** Opening Task material block **

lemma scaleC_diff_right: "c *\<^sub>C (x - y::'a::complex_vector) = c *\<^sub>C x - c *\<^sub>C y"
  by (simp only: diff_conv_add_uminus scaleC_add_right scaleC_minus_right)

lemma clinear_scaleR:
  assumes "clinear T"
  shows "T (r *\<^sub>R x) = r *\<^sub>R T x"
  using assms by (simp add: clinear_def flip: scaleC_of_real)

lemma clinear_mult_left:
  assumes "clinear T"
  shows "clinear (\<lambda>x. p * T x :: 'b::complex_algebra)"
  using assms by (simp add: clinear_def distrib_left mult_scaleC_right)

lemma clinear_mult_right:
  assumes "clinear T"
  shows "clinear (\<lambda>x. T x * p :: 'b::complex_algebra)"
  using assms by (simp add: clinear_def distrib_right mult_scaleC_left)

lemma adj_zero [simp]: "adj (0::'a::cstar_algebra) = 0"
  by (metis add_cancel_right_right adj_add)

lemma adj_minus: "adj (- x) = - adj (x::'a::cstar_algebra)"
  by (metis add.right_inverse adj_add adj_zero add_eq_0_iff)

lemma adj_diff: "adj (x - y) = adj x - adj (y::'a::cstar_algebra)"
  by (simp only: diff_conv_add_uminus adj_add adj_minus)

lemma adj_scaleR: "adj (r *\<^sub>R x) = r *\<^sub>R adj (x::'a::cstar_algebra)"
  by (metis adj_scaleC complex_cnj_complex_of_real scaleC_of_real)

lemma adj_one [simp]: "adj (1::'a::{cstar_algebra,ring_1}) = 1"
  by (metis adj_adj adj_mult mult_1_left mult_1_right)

** Closing Task material block **

> What to work on
Each line above from the one with "using assms by (simp add: clinear_def flip: scaleC_of_real)" up to and including the one with "using assms by (simp add: clinear_def distrib_left" must be set down exactly, and no line outside that span may appear.

> Answer to the exercise
  using assms by (simp add: clinear_def flip: scaleC_of_real)

lemma clinear_mult_left:
  assumes "clinear T"
  shows "clinear (\<lambda>x. p * T x :: 'b::complex_algebra)"
  using assms by (simp add: clinear_def distrib_left mult_scaleC_right)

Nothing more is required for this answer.